Items listed in a dataset:

• • • • • • •

lemma transpose_add_dim:
  "dim_row A = dim_row B \<Longrightarrow> dim_col A = dim_col B \<Longrightarrow> (A + B :: 'a :: monoid_add mat)\<^sup>T = A\<^sup>T + B\<^sup>T"
  by (rule transpose_add[of A "dim_row A" "dim_col A"]) auto

lemma transpose_minus_dim:
  "dim_row A = dim_row B \<Longrightarrow> dim_col A = dim_col B \<Longrightarrow> (A - B :: 'a :: group_add mat)\<^sup>T = A\<^sup>T - B\<^sup>T"
  by (rule transpose_minus[of A "dim_row A" "dim_col A"]) auto

lemma mult_right_inverse_cancel:
  "A * B = 1\<^sub>m n \<Longrightarrow> A \<in> carrier_mat n n \<Longrightarrow> B \<in> carrier_mat n n \<Longrightarrow> dim_row C = n \<Longrightarrow>
    A * (B * C) = (C :: 'a :: semiring_1 mat)"
  by (subst assoc_mult_mat_dim[symmetric]) auto

lemma mult_mat_vec_zero: "A \<in> carrier_mat nr nc \<Longrightarrow> A *\<^sub>v 0\<^sub>v nc = (0\<^sub>v nr :: 'a :: semiring_0 vec)"
  by (intro eq_vecI) (auto simp: scalar_prod_def)

lemma transpose_diagonal_mat: "A \<in> carrier_mat n n \<Longrightarrow> diagonal_mat A \<Longrightarrow> A\<^sup>T = A"
  by (intro eq_matI) (auto simp: diagonal_mat_def, metis)

lemma mat_inv:
  assumes A: "A \<in> carrier_mat n n" and det: "det A \<noteq> 0"
  shows "mat_inv A \<in> carrier_mat n n" "A * mat_inv A = 1\<^sub>m n" "mat_inv A * A = 1\<^sub>m n"
proof -
  have "A \<in> Units (ring_mat TYPE(real) n ())" by (rule det_non_zero_imp_unit[OF A det])
  then obtain B where "mat_inverse A = Some B" using mat_inverse(1)[OF A] by (metis option.exhaust)
  with mat_inverse(2)[OF A this]
  show "mat_inv A \<in> carrier_mat n n" "A * mat_inv A = 1\<^sub>m n" "mat_inv A * A = 1\<^sub>m n"
    unfolding mat_inv_def by auto
qed

lemma mat_inv_eqI:
  assumes A: "A \<in> carrier_mat n n" and B: "B \<in> carrier_mat n n" and AB: "A * B = 1\<^sub>m n"
  shows "mat_inv A = B"
proof -
  have "det A * det B = 1" using det_mult[OF A B] AB by simp
  hence "det A \<noteq> 0" by auto
  note A' = mat_inv[OF A this]
  have "mat_inv A = mat_inv A * (A * B)" using AB A' by simp
  also have "\<dots> = B" using A' A B by (simp add: assoc_mult_mat_dim[symmetric])
  finally show ?thesis .
qed

lemma det_nonzero_if_trivial_kernel:
  assumes "(A :: 'a :: field mat) \<in> carrier_mat n n"
    and "\<And>v. v \<in> carrier_vec n \<Longrightarrow> A *\<^sub>v v = 0\<^sub>v n \<Longrightarrow> v = 0\<^sub>v n"
  shows "det A \<noteq> 0"
  using det_0_iff_vec_prod_zero_field[OF assms(1)] assms(2) by blast

lemma transpose_mat_inv_sym:
  assumes A: "A \<in> carrier_mat n n" and sym: "A\<^sup>T = A" and det: "det A \<noteq> 0"
  shows "(mat_inv A)\<^sup>T = mat_inv A"
proof -
  note A' = mat_inv[OF A det]
  have "A * (mat_inv A)\<^sup>T = (mat_inv A * A)\<^sup>T"
    using transpose_mult_dim[of "mat_inv A" A] sym A A'(1) by simp
  also have "\<dots> = 1\<^sub>m n" using A' by simp
  finally have "A * (mat_inv A)\<^sup>T = 1\<^sub>m n" .
  from mat_inv_eqI[OF A _ this] A' show ?thesis by auto
qed

lemma congruence_inverse:
  assumes R: "(R :: 'a :: comm_ring_1 mat) \<in> carrier_mat n n" and Ri: "Ri \<in> carrier_mat n n"
    and S: "S \<in> carrier_mat n n" and X: "X \<in> carrier_mat n n"
    and R_Ri: "R * Ri = 1\<^sub>m n" and Ri_R: "Ri * R = 1\<^sub>m n" and S_X: "S * X = 1\<^sub>m n"
  shows "(Ri\<^sup>T * S * Ri) * (R * X * R\<^sup>T) = 1\<^sub>m n"
proof -
  have "(Ri\<^sup>T * S * Ri) * (R * X * R\<^sup>T) = Ri\<^sup>T * (S * ((Ri * R) * (X * R\<^sup>T)))"
    using R Ri S X by (simp add: assoc_mult_mat_dim)
  also have "\<dots> = Ri\<^sup>T * R\<^sup>T"
    using R Ri X Ri_R mult_right_inverse_cancel[OF S_X S X] by simp
  also have "\<dots> = (R * Ri)\<^sup>T"
    using R Ri by (simp add: transpose_mult_dim)
  finally show ?thesis using R_Ri by simp
qed

lemma char_poly_congruence_mult:
  assumes R: "R \<in> carrier_mat n n" and det_R: "det R \<noteq> 0"
    and P: "P \<in> carrier_mat n n" and S: "S \<in> carrier_mat n n"
  shows "char_poly (mat_inv R * P * (mat_inv R)\<^sup>T * S) = char_poly (P * ((mat_inv R)\<^sup>T * S * mat_inv R))"
proof (rule char_poly_similar, rule similar_matI)
  note Ri = mat_inv[OF R det_R]
  show "{mat_inv R * P * (mat_inv R)\<^sup>T * S, P * ((mat_inv R)\<^sup>T * S * mat_inv R), mat_inv R, R}
    \<subseteq> carrier_mat n n" using R Ri P S by auto
  show "mat_inv R * R = 1\<^sub>m n" "R * mat_inv R = 1\<^sub>m n" using Ri by auto
  show "mat_inv R * P * (mat_inv R)\<^sup>T * S = mat_inv R * (P * ((mat_inv R)\<^sup>T * S * mat_inv R)) * R"
    using R Ri P S by (simp add: assoc_mult_mat_dim)
qed

lemma schur_complement_inverse:
  assumes AI: "AI \<in> carrier_mat nI nI" and AIG: "AIG \<in> carrier_mat nI nG"
    and AGI: "AGI \<in> carrier_mat nG nI" and AG: "AG \<in> carrier_mat nG nG"
    and det_AI: "det AI \<noteq> 0" and det_AG: "det AG \<noteq> 0"
    and det_SI: "det (AI - AIG * mat_inv AG * AGI) \<noteq> 0"
  shows "(AG - AGI * mat_inv AI * AIG) *
    (mat_inv AG + mat_inv AG * AGI * mat_inv (AI - AIG * mat_inv AG * AGI) * AIG * mat_inv AG) = 1\<^sub>m nG"
proof -
  define SI where "SI = AI - AIG * mat_inv AG * AGI"
  have SI: "SI \<in> carrier_mat nI nI" unfolding SI_def using AI AIG AGI mat_inv[OF AG det_AG] by auto
  note AIi = mat_inv[OF AI det_AI] and AGi = mat_inv[OF AG det_AG] and SIi = mat_inv[OF SI det_SI[folded SI_def]]
  note cancel = mult_right_inverse_cancel[OF AGi(2) AG AGi(1)] mult_right_inverse_cancel[OF AIi(3) AIi(1) AI]
    mult_right_inverse_cancel[OF SIi(2) SI SIi(1)]
  have AIG_AGi_AGI: "AIG * (mat_inv AG * AGI) = AI - SI" unfolding SI_def
    by (intro eq_matI) (use AI AIG AGi AGI in \<open>auto simp: assoc_mult_mat_dim\<close>)
  have key: "mat_inv AI * (AIG * (mat_inv AG * (AGI * (mat_inv SI * C)))) = mat_inv SI * C - mat_inv AI * C"
    if C: "dim_row C = nI" for C
  proof -
    have "mat_inv AI * (AIG * (mat_inv AG * (AGI * (mat_inv SI * C))))
        = mat_inv AI * ((AIG * (mat_inv AG * AGI)) * (mat_inv SI * C))"
      using AI AIG AGi AGI SIi C by (simp add: assoc_mult_mat_dim)
    also have "\<dots> = mat_inv SI * C - mat_inv AI * C"
      unfolding AIG_AGi_AGI using AI SI SIi AIi C cancel
      by (simp add: mult_minus_distrib_mat_dim minus_mult_distrib_mat_dim)
    finally show ?thesis .
  qed
  let ?X = "mat_inv AI * (AIG * mat_inv AG)"
  have "(AG - AGI * mat_inv AI * AIG) * (mat_inv AG + mat_inv AG * AGI * mat_inv SI * AIG * mat_inv AG)
      = 1\<^sub>m nG - AGI * ?X + (AGI * (mat_inv SI * (AIG * mat_inv AG))
          - (AGI * (mat_inv SI * (AIG * mat_inv AG)) - AGI * ?X))"
    using AG AIG AGI AIi AGi SIi AI cancel key
    by (simp add: assoc_mult_mat_dim mult_minus_distrib_mat_dim minus_mult_distrib_mat_dim
        mult_add_distrib_mat_dim add_mult_distrib_mat_dim)
  also have "\<dots> = 1\<^sub>m nG"
    by (intro eq_matI) (use AIG AGI AIi AGi SIi in auto)
  finally show ?thesis unfolding SI_def .
qed

lemma cholesky_factor_det:
  assumes "cholesky_factor n A R"
  shows "det R \<noteq> 0" "det A \<noteq> 0"
proof -
  have R: "R \<in> carrier_mat n n" "upper_triangular R" "\<forall>i<n. R $$ (i, i) > 0" and A: "A = R\<^sup>T * R"
    using assms unfolding cholesky_factor_def by auto
  have "0 \<notin> set (diag_mat R)" using R unfolding diag_mat_def by auto
  then show det_R: "det R \<noteq> 0" using det_upper_triangular[OF R(2,1)] by (simp add: prod_list_zero_iff)
  have "det A = det R * det R"
    unfolding A using det_mult[of "R\<^sup>T" n R] det_transpose[OF R(1)] R(1) by simp
  then show "det A \<noteq> 0" using det_R by simp
qed

lemma cholesky_factor_mat_inv:
  assumes chol: "cholesky_factor n A R"
  shows "mat_inv A = mat_inv R * (mat_inv R)\<^sup>T"
proof -
  have R: "R \<in> carrier_mat n n" and A: "A = R\<^sup>T * R"
    using chol unfolding cholesky_factor_def by auto
  note Ri = mat_inv[OF R cholesky_factor_det(1)[OF chol]]
  have RtRit: "R\<^sup>T * (mat_inv R)\<^sup>T = 1\<^sub>m n"
    using transpose_mult_dim[of "mat_inv R" R] Ri R by simp
  have "A * (mat_inv R * (mat_inv R)\<^sup>T) = R\<^sup>T * ((R * mat_inv R) * (mat_inv R)\<^sup>T)"
    unfolding A using R Ri(1) by (simp add: assoc_mult_mat_dim)
  also have "\<dots> = 1\<^sub>m n" using Ri RtRit by simp
  finally show ?thesis using A R Ri by (intro mat_inv_eqI[of _ n]) auto
qed

lemma cholesky_factor_preconditioner:
  assumes chol: "cholesky_factor n A R" and U: "U \<in> carrier_mat n k" and Sig: "Sig \<in> carrier_mat k k"
  shows "mat_inv A + (mat_inv R * U) * Sig * (mat_inv R * U)\<^sup>T
    = mat_inv R * (1\<^sub>m n + U * Sig * U\<^sup>T) * (mat_inv R)\<^sup>T"
proof -
  have R: "R \<in> carrier_mat n n" using chol unfolding cholesky_factor_def by auto
  note Ri = mat_inv[OF R cholesky_factor_det(1)[OF chol]]
  show ?thesis unfolding cholesky_factor_mat_inv[OF chol]
    using Ri(1) U Sig
    by (simp add: transpose_mult_dim assoc_mult_mat_dim mult_add_distrib_mat_dim add_mult_distrib_mat_dim)
qed

lemma inverse_eigenvectors:
  fixes B K U Sig :: "real mat"
  assumes B: "B \<in> carrier_mat n n" and K: "K \<in> carrier_mat n n" and B_inv: "B * (1\<^sub>m n + K) = 1\<^sub>m n"
    and U: "U \<in> carrier_mat n k" and U_orth: "U\<^sup>T * U = 1\<^sub>m k"
    and Sig: "Sig \<in> carrier_mat k k" and eig: "K * U = U * Sig"
  shows "det (1\<^sub>m k + Sig) \<noteq> 0" and "B * U = U * mat_inv (1\<^sub>m k + Sig)"
proof -
  have IS: "1\<^sub>m k + Sig \<in> carrier_mat k k" using Sig by auto
  have "B * U * (1\<^sub>m k + Sig) = B * ((1\<^sub>m n + K) * U)"
    using B K U Sig eig by (simp add: assoc_mult_mat_dim mult_add_distrib_mat_dim add_mult_distrib_mat_dim)
  also have "\<dots> = U" using B_inv B K U by (simp add: assoc_mult_mat_dim[symmetric])
  finally have BU_IS: "B * U * (1\<^sub>m k + Sig) = U" .
  show det_IS: "det (1\<^sub>m k + Sig) \<noteq> 0"
  proof (rule det_nonzero_if_trivial_kernel[OF IS])
    fix y assume y: "y \<in> carrier_vec k" and IS_y: "(1\<^sub>m k + Sig) *\<^sub>v y = 0\<^sub>v k"
    have "U *\<^sub>v y = (B * U * (1\<^sub>m k + Sig)) *\<^sub>v y" using BU_IS by simp
    also have "\<dots> = (B * U) *\<^sub>v ((1\<^sub>m k + Sig) *\<^sub>v y)"
      by (rule assoc_mult_mat_vec[OF _ IS y]) (use B U in auto)
    also have "\<dots> = 0\<^sub>v n" unfolding IS_y by (rule mult_mat_vec_zero) (use B U in auto)
    finally have "U\<^sup>T *\<^sub>v (U *\<^sub>v y) = 0\<^sub>v k" using U by (simp add: mult_mat_vec_zero)
    then show "y = 0\<^sub>v k" using U_orth U y by (simp add: assoc_mult_mat_vec[symmetric])
  qed
  note D = mat_inv[OF IS det_IS]
  have "B * U = B * U * ((1\<^sub>m k + Sig) * mat_inv (1\<^sub>m k + Sig))" using D B U by simp
  also have "\<dots> = (B * U * (1\<^sub>m k + Sig)) * mat_inv (1\<^sub>m k + Sig)"
    using B U Sig D(1) by (simp add: assoc_mult_mat_dim)
  finally show "B * U = U * mat_inv (1\<^sub>m k + Sig)" unfolding BU_IS .
qed

lemma deflated_preconditioner_eq:
  fixes B U Sig :: "real mat"
  assumes B: "B \<in> carrier_mat n n" and B_sym: "B\<^sup>T = B"
    and U: "U \<in> carrier_mat n k" and Sig: "Sig \<in> carrier_mat k k" and Sig_sym: "Sig\<^sup>T = Sig"
    and det_IS: "det (1\<^sub>m k + Sig) \<noteq> 0" and BU: "B * U = U * mat_inv (1\<^sub>m k + Sig)"
  shows "(1\<^sub>m n + U * Sig * U\<^sup>T) * B = B - U * mat_inv (1\<^sub>m k + Sig) * U\<^sup>T + U * U\<^sup>T"
proof -
  define D where "D = mat_inv (1\<^sub>m k + Sig)"
  have IS: "1\<^sub>m k + Sig \<in> carrier_mat k k" using Sig by auto
  note D = mat_inv[OF IS det_IS, folded D_def]
  have "(1\<^sub>m k + Sig)\<^sup>T = 1\<^sub>m k + Sig" using Sig Sig_sym by (simp add: transpose_add_dim)
  from transpose_mat_inv_sym[OF IS this det_IS] have D_sym: "D\<^sup>T = D" unfolding D_def .
  have UT_B: "U\<^sup>T * B = D * U\<^sup>T"
    using arg_cong[OF BU[folded D_def], of transpose_mat] B U D(1) B_sym D_sym
    by (simp add: transpose_mult_dim)
  have D_Sig_D: "D + Sig * D = 1\<^sub>m k" using D Sig by (simp add: add_mult_distrib_mat_dim)
  have Sig_D: "Sig * D = 1\<^sub>m k - D"
  proof (rule eq_matI)
    fix i j assume "i < dim_row (1\<^sub>m k - D)" "j < dim_col (1\<^sub>m k - D)"
    moreover have "(D + Sig * D) $$ (i, j) = 1\<^sub>m k $$ (i, j)" unfolding D_Sig_D ..
    ultimately show "(Sig * D) $$ (i, j) = (1\<^sub>m k - D) $$ (i, j)" using D(1) Sig by auto
  qed (use D(1) Sig in auto)
  have "(1\<^sub>m n + U * Sig * U\<^sup>T) * B = B + U * ((Sig * D) * U\<^sup>T)"
    using B U Sig D(1) UT_B by (simp add: add_mult_distrib_mat_dim assoc_mult_mat_dim)
  also have "\<dots> = B - U * D * U\<^sup>T + U * U\<^sup>T"
    unfolding Sig_D using B U D(1)
    by (intro eq_matI) (auto simp: minus_mult_distrib_mat_dim mult_minus_distrib_mat_dim assoc_mult_mat_dim)
  finally show ?thesis unfolding D_def .
qed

• • • • • • •

§ **What this task involves**
In the entries above, find each line with "shows" and copy it.

§ **Answer to the problem**
  shows "mat_inv A \<in> carrier_mat n n" "A * mat_inv A = 1\<^sub>m n" "mat_inv A * A = 1\<^sub>m n"
  shows "mat_inv A = B"
  shows "det A \<noteq> 0"
  shows "(mat_inv A)\<^sup>T = mat_inv A"
  shows "(Ri\<^sup>T * S * Ri) * (R * X * R\<^sup>T) = 1\<^sub>m n"
  shows "char_poly (mat_inv R * P * (mat_inv R)\<^sup>T * S) = char_poly (P * ((mat_inv R)\<^sup>T * S * mat_inv R))"
  shows "(AG - AGI * mat_inv AI * AIG) *
  shows "det R \<noteq> 0" "det A \<noteq> 0"
  shows "mat_inv A = mat_inv R * (mat_inv R)\<^sup>T"
  shows "mat_inv A + (mat_inv R * U) * Sig * (mat_inv R * U)\<^sup>T
  shows "det (1\<^sub>m k + Sig) \<noteq> 0" and "B * U = U * mat_inv (1\<^sub>m k + Sig)"
  shows "(1\<^sub>m n + U * Sig * U\<^sup>T) * B = B - U * mat_inv (1\<^sub>m k + Sig) * U\<^sup>T + U * U\<^sup>T"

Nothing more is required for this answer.